Sara is a 31-year-old healthy female professional living in Boston who gets her medical care at a large, multi-provider primary care clinic. When Sara goes to the clinic for a routine visit, she sees a nurse practitioner (NP) about 75% of the time. Sara says that she chooses to see the NP rather than an MD for a number of reasons: “For primary care I usually find that it is easier to get an appointment with an NP. I also feel like the NP spends a little more time with me and does not seem to be in as much of a hurry to get through the visit. I’ve been very satisfied by the care I’ve received from the NPs that I have seen.” However, when asked about whether she would prefer to see a NP for all of her clinic visits, she hesitates: “If I had a more serious illness or a complex medical problem, I would feel more confident being evaluated by an MD who has received more years of training and has broader overall medical knowledge.”
Sara’s experience is not unique. In the United States an estimated 60,000 nurse practitioners are currently working in the primary care setting, yet there is no clear consensus as to what role NPs should play in delivering care. A 2010 report from the Institute of Medicine recommended that NPs “should be able to practice to the full extent of their education and training.” But, how do we determine what activities fulfill this mandate? Should NPs be given free range to prescribe all medications including controlled substances? Should NPs have their own panel of primary care patients, or should they only see patients as part of a care team led by an MD?
This week’s issue of NEJM features a Special Article by Donelan et. al describing the findings from the 2012 National Survey of Primary Care Nurse Practitioners (PCNPs) and Physicians. The authors surveyed nearly 1000 primary care nurse practitioners and physicians to learn what attitudes they had on the scope of practice of NPs as well as to learn what services NPs are currently performing in the primary care setting. While the majority of MDs and PCNPs surveyed agree that NPs should practice to the full extent of their education and training, the responses to most other questions were widely divergent.

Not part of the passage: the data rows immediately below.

definition hadamard :: "(complex \<Rightarrow> complex) \<Rightarrow> (complex \<Rightarrow> complex) \<Rightarrow> complex \<Rightarrow> complex" where
  "hadamard g h z = (\<Sum>m. tcoeff g m * tcoeff h m * z ^ m)"

definition convK :: "(complex \<Rightarrow> complex) \<Rightarrow> bool" where
  "convK \<phi> \<longleftrightarrow> \<phi> holomorphic_on ball 0 1 \<and> \<phi> 0 = 0 \<and> deriv \<phi> 0 = 1
     \<and> inj_on \<phi> (ball 0 1) \<and> convex (\<phi> ` ball 0 1)"

text \<open>Class H^0: harmonic f = s + conj t given by the pair (s, t) of analytic functions
  with s(z) = z + ..., t(z) = b_2 z^2 + ...\<close>
definition classH0 :: "(complex \<Rightarrow> complex) \<Rightarrow> (complex \<Rightarrow> complex) \<Rightarrow> bool" where
  "classH0 s t \<longleftrightarrow> s holomorphic_on ball 0 1 \<and> t holomorphic_on ball 0 1
     \<and> s 0 = 0 \<and> deriv s 0 = 1 \<and> t 0 = 0 \<and> deriv t 0 = 0"

definition Lop :: "real \<Rightarrow> real \<Rightarrow> (complex \<Rightarrow> complex) \<Rightarrow> complex \<Rightarrow> complex" where
  "Lop \<gamma> \<delta> g z = of_real \<gamma> * deriv g z + of_real \<delta> * z * (deriv ^^ 2) g z
      + of_real ((\<delta> - \<gamma>) / 2) * z ^ 2 * (deriv ^^ 3) g z"

definition RH0 :: "real \<Rightarrow> real \<Rightarrow> real \<Rightarrow> (complex \<Rightarrow> complex) \<Rightarrow> (complex \<Rightarrow> complex) \<Rightarrow> bool" where
  "RH0 \<gamma> \<delta> lam s t \<longleftrightarrow> classH0 s t \<and>
     (\<forall>z\<in>ball 0 1. Re (Lop \<gamma> \<delta> s z - of_real lam) > norm (Lop \<gamma> \<delta> t z))"

end

(*
  On Taylor coefficients the operator L of the class R_H^0 acts diagonally after an index shift,
  L g = sum k_n a_(n+1) z^n, so L (g * phi) = (L g) * P for the Hadamard product *, where
  P(z) = phi(z) / z.  For convex phi the Marx-Strohhaecker theorem gives Re P >= 1/2; it follows
  from the Schwarz lemma and Julia's lemma, applied to maps built from the inverse of phi and the
  convexity of its image.  Writing (Q * P)(z) as the mean of Q(w) P(z / w) over a circle |w| = rho
  and adding the mean of conj(Q(w)) P(z / w), which is conj(Q(0)), shows that Re Q > 0 on the disc
  forces Re (Q * P) > 0.  Taking Q = L s + e L t - lam with |e| = 1 chosen so that
  e (L t * P)(z) = -|(L t * P)(z)| gives the defining inequality of R_H^0 for the convolutions.
*)
theory Submission
  imports Defs
begin

section \<open>Power series on the unit disc\<close>

lemma norm_circlepath_0 [simp]: "norm (circlepath 0 r s) = \<bar>r\<bar>"
  by (simp add: circlepath norm_mult)

lemma circlepath_0_eq_0_iff [simp]: "circlepath 0 r s = 0 \<longleftrightarrow> r = 0"
  by (metis norm_circlepath_0 norm_eq_zero abs_eq_0)

lemma cnj_circlepath_0: "cnj (circlepath 0 r s) = of_real (r\<^sup>2) / circlepath 0 r s"
  by (cases "r = 0") (simp_all add: field_simps complex_norm_square[symmetric] flip: of_real_power)

lemma has_integral_circlepath_higher_deriv:
  assumes g: "g holomorphic_on ball 0 R" and r: "0 < r" "r < R"
  shows "((\<lambda>s. g (circlepath 0 r s) / circlepath 0 r s ^ k) has_integral (deriv ^^ k) g 0 / fact k) {0..1}"
proof -
  have "cball 0 r \<subseteq> ball (0::complex) R"
    using r by auto
  then have "continuous_on (cball 0 r) g" "g holomorphic_on ball 0 r"
    using g holomorphic_on_subset holomorphic_on_imp_continuous_on ball_subset_cball by blast+
  from Cauchy_has_contour_integral_higher_derivative_circlepath[OF this, of 0 k] r
  have integral: "((\<lambda>s. g (circlepath 0 r s) / circlepath 0 r s ^ Suc k * vector_derivative (circlepath 0 r) (at s))
          has_integral (2 * pi * \<i>) * ((deriv ^^ k) g 0 / fact k)) {0..1}"
    by (simp add: has_contour_integral)
  have integrand: "g (circlepath 0 r s) / circlepath 0 r s ^ Suc k * vector_derivative (circlepath 0 r) (at s)
      = (2 * pi * \<i>) * (g (circlepath 0 r s) / circlepath 0 r s ^ k)" for s
  proof -
    have "vector_derivative (circlepath 0 r) (at s) = 2 * pi * \<i> * circlepath 0 r s"
      by (simp only: vector_derivative_circlepath) (simp add: circlepath)
    moreover have "circlepath 0 r s \<noteq> 0"
      using r by (metis norm_circlepath_0 norm_zero abs_of_pos less_irrefl)
    ultimately show ?thesis
      by (simp add: field_simps)
  qed
  from has_integral_mult_right[OF integral[unfolded integrand], of "1 / (2 * pi * \<i>)"]
  show ?thesis
    by simp
qed

lemma ereal_norm_less_fps_conv_radius:
  fixes A :: "complex fps" and w :: complex
  shows "1 \<le> fps_conv_radius A \<Longrightarrow> norm w < 1 \<Longrightarrow> ereal (norm w) < fps_conv_radius A"
  using less_le_trans[of "ereal (norm w)" 1] by simp

lemma one_le_fps_conv_radius_add:
  "1 \<le> fps_conv_radius A \<Longrightarrow> 1 \<le> fps_conv_radius B \<Longrightarrow> 1 \<le> fps_conv_radius (A + B :: complex fps)"
  using fps_conv_radius_add[of A B] by (simp add: min_def split: if_splits)

lemma one_le_fps_conv_radius_diff:
  "1 \<le> fps_conv_radius A \<Longrightarrow> 1 \<le> fps_conv_radius B \<Longrightarrow> 1 \<le> fps_conv_radius (A - B :: complex fps)"
  using fps_conv_radius_diff[of A B] by (simp add: min_def split: if_splits)

lemma one_le_fps_conv_radius_mult:
  "1 \<le> fps_conv_radius A \<Longrightarrow> 1 \<le> fps_conv_radius B \<Longrightarrow> 1 \<le> fps_conv_radius (A * B :: complex fps)"
  using fps_conv_radius_mult[of A B] by (simp add: min_def split: if_splits)

lemma holomorphic_on_eval_fps_ball:
  "1 \<le> fps_conv_radius (A :: complex fps) \<Longrightarrow> eval_fps A holomorphic_on ball 0 1"
  by (rule holomorphic_on_eval_fps) (auto simp: subset_eq intro: ereal_norm_less_fps_conv_radius)

lemma continuous_on_eval_fps_circlepath:
  assumes "1 \<le> fps_conv_radius (A :: complex fps)" "\<bar>\<rho>\<bar> < 1"
  shows "continuous_on S (\<lambda>s. eval_fps A (circlepath 0 \<rho> s))"
proof (rule continuous_on_eval_fps')
  show "continuous_on S (circlepath 0 \<rho>)"
    unfolding circlepath by (intro continuous_intros)
  have "ereal \<bar>\<rho>\<bar> < fps_conv_radius A"
    using ereal_norm_less_fps_conv_radius[OF assms(1), of "of_real \<rho>"] assms(2) by simp
  then show "circlepath 0 \<rho> ` S \<subseteq> eball 0 (fps_conv_radius A)"
    by auto
qed

definition fps_hadamard :: "'a::times fps \<Rightarrow> 'a fps \<Rightarrow> 'a fps" where
  "fps_hadamard A B = Abs_fps (\<lambda>n. fps_nth A n * fps_nth B n)"

lemma fps_hadamard_nth [simp]: "fps_nth (fps_hadamard A B) n = fps_nth A n * fps_nth B n"
  by (simp add: fps_hadamard_def)

lemma fps_conv_radius_hadamard:
  fixes A B :: "complex fps"
  assumes A: "1 \<le> fps_conv_radius A" and B: "1 \<le> fps_conv_radius B"
  shows "1 \<le> fps_conv_radius (fps_hadamard A B)"
  unfolding fps_conv_radius_def
proof (rule conv_radius_geI_ex')
  fix r :: real
  assume r: "0 < r" "ereal r < 1"
  define \<rho> where "\<rho> = sqrt r"
  have \<rho>: "norm (of_real \<rho> :: complex) < 1" "of_real r = (of_real \<rho> * of_real \<rho> :: complex)"
    using r by (simp_all add: \<rho>_def flip: of_real_mult)
  have "(\<lambda>n. fps_nth A n * of_real \<rho> ^ n) \<longlonglongrightarrow> 0"
    by (intro summable_LIMSEQ_zero summable_fps ereal_norm_less_fps_conv_radius A \<rho>(1))
  then have "Bseq (\<lambda>n. fps_nth A n * of_real \<rho> ^ n)"
    using convergent_imp_Bseq convergentI by blast
  then obtain M where M: "\<And>n. norm (fps_nth A n * of_real \<rho> ^ n) \<le> M"
    unfolding Bseq_def by blast
  have "summable (\<lambda>n. norm (fps_nth B n * of_real \<rho> ^ n))"
    by (intro norm_summable_fps ereal_norm_less_fps_conv_radius B \<rho>(1))
  then have summable_bound: "summable (\<lambda>n. M * norm (fps_nth B n * of_real \<rho> ^ n))"
    by (rule summable_mult)
  have bound: "norm (fps_nth (fps_hadamard A B) n * of_real r ^ n) \<le> M * norm (fps_nth B n * of_real \<rho> ^ n)" for n
  proof -
    have "norm (fps_nth (fps_hadamard A B) n * of_real r ^ n)
        = norm (fps_nth A n * of_real \<rho> ^ n) * norm (fps_nth B n * of_real \<rho> ^ n)"
      by (simp add: \<rho>(2) power_mult_distrib norm_mult mult_ac)
    also have "\<dots> \<le> M * norm (fps_nth B n * of_real \<rho> ^ n)"
      by (rule mult_right_mono[OF M]) simp
    finally show ?thesis .
  qed
  show "summable (\<lambda>n. fps_nth (fps_hadamard A B) n * of_real r ^ n)"
    by (rule summable_comparison_test'[OF summable_bound bound])
qed

definition taylor_fps :: "(complex \<Rightarrow> complex) \<Rightarrow> complex fps" where
  "taylor_fps g = Abs_fps (tcoeff g)"

lemma taylor_fps_nth [simp]: "fps_nth (taylor_fps g) n = tcoeff g n"
  by (simp add: taylor_fps_def)

lemma tcoeff_0: "tcoeff g 0 = g 0"
  by (simp add: tcoeff_def)

lemma tcoeff_1: "tcoeff g (Suc 0) = deriv g 0"
  by (simp add: tcoeff_def)

lemma sums_taylor_fps:
  assumes "g holomorphic_on ball 0 1" "norm w < 1"
  shows "(\<lambda>n. fps_nth (taylor_fps g) n * w ^ n) sums g w"
  using holomorphic_power_series[OF assms(1), of w] assms(2) by (simp add: tcoeff_def)

lemma fps_conv_radius_taylor_fps:
  assumes "g holomorphic_on ball 0 1"
  shows "1 \<le> fps_conv_radius (taylor_fps g)"
  unfolding fps_conv_radius_def
proof (rule conv_radius_geI_ex')
  fix r :: real
  assume "0 < r" "ereal r < 1"
  then show "summable (\<lambda>n. fps_nth (taylor_fps g) n * of_real r ^ n)"
    by (intro sums_summable[OF sums_taylor_fps[OF assms]]) simp
qed

lemma eval_taylor_fps:
  assumes "g holomorphic_on ball 0 1" "norm w < 1"
  shows "eval_fps (taylor_fps g) w = g w"
  unfolding eval_fps_def using sums_unique[OF sums_taylor_fps[OF assms]] by simp

lemma taylor_fps_eval_fps:
  assumes "0 < fps_conv_radius A"
  shows "taylor_fps (eval_fps A) = A"
  by (rule fps_ext) (simp add: tcoeff_def fps_nth_conv_deriv[OF assms])

lemma hadamard_eq_eval_fps: "hadamard g h = eval_fps (fps_hadamard (taylor_fps g) (taylor_fps h))"
  by (rule ext) (simp add: hadamard_def eval_fps_def)

lemma fps_conv_radius_higher_deriv:
  fixes A :: "complex fps"
  shows "1 \<le> fps_conv_radius A \<Longrightarrow> 1 \<le> fps_conv_radius ((fps_deriv ^^ k) A)"
  by (induction k) (auto intro: order_trans fps_conv_radius_deriv)

lemma higher_deriv_eval_fps:
  fixes A :: "complex fps"
  assumes A: "1 \<le> fps_conv_radius A" and z: "norm z < 1"
  shows "(deriv ^^ k) (eval_fps A) z = eval_fps ((fps_deriv ^^ k) A) z"
  using z
proof (induction k arbitrary: z)
  case 0
  then show ?case by simp
next
  case (Suc k)
  have "\<forall>\<^sub>F w in nhds z. (deriv ^^ k) (eval_fps A) w = eval_fps ((fps_deriv ^^ k) A) w"
    using eventually_nhds_in_open[of "ball 0 1" z] Suc by (auto elim!: eventually_mono)
  then have "deriv ((deriv ^^ k) (eval_fps A)) z = deriv (eval_fps ((fps_deriv ^^ k) A)) z"
    by (rule deriv_cong_ev) simp
  also have "\<dots> = eval_fps (fps_deriv ((fps_deriv ^^ k) A)) z"
    by (intro eval_fps_deriv[symmetric] ereal_norm_less_fps_conv_radius
          fps_conv_radius_higher_deriv A Suc.prems)
  finally show ?case by simp
qed

lemma higher_deriv_eq_eval_taylor_fps:
  assumes g: "g holomorphic_on ball 0 1" and z: "norm z < 1"
  shows "(deriv ^^ k) g z = eval_fps ((fps_deriv ^^ k) (taylor_fps g)) z"
proof -
  have "\<forall>\<^sub>F w in nhds z. g w = eval_fps (taylor_fps g) w"
    using eventually_nhds_in_open[of "ball 0 1" z] z by (auto elim!: eventually_mono simp: eval_taylor_fps[OF g])
  then have "(deriv ^^ k) g z = (deriv ^^ k) (eval_fps (taylor_fps g)) z"
    by (rule higher_deriv_cong_ev) simp
  also have "\<dots> = eval_fps ((fps_deriv ^^ k) (taylor_fps g)) z"
    by (rule higher_deriv_eval_fps[OF fps_conv_radius_taylor_fps[OF g] z])
  finally show ?thesis .
qed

The survey showed that on average, PCNPs work fewer hours, see fewer patients, and are paid less than their MD colleagues. While 83% of PCNPs felt that they should be able to lead primary care medical homes, only 17% of MDs agreed. Similarly, 64% of PCNPs felt that they should be paid equally to MDs for the provision of the same services, but only 4% of MDs agreed. When asked about the effect of increasing the supply of PCNPs in the US, more than three-fourths of PCNPs felt that such an expansion of the workforce would improve patient safety, primary care effectiveness, and lower health costs. However, only about one-quarter of MDs surveyed felt that a larger supply of PCNPs would result in better safety, effectiveness or improvement in costs. Finally, there exists a disconnect in perceived quality of care provided – as two-thirds of MDs felt that they provide a higher quality examination and consultation, while fewer than 10% of PCNPs agreed.
Despite these differences of opinion and attitude, the fact remains that primary care in the US is currently under enormous strain. Other surveys have shown that primary care physicians today feel overworked, underpaid, and have lower job satisfaction than those in other specialties. In many cities, waits for new appointments with primary care providers can reach six months or more. And with roll out of the Accountable Care Act, as many as 35 million uninsured Americans may finally gain health insurance – yet who will take care of them? Many health policy experts have suggested expanding the role of non-MDs in the primary care space, yet this report raises significant concerns about how such a move would be received by those MDs currently practicing primary care. Recent attempts to expand the scope-of-practice of NPs to allow them to practice more independently have met with opposition from physician groups, including the AMA, AAFP, and American Academy of Pediatrics. The Robert Wood Johnson Foundation has recently taken the lead in working to bring the nursing and physician communities together to create consensus on this issue. As we move towards new models of care delivery in which physicians and nurses provide team-based primary care, one can only hope that such interprofessional collaboration will eventually result in agreement on how best to define the role of advanced nurse practitioners in the primary care clinic.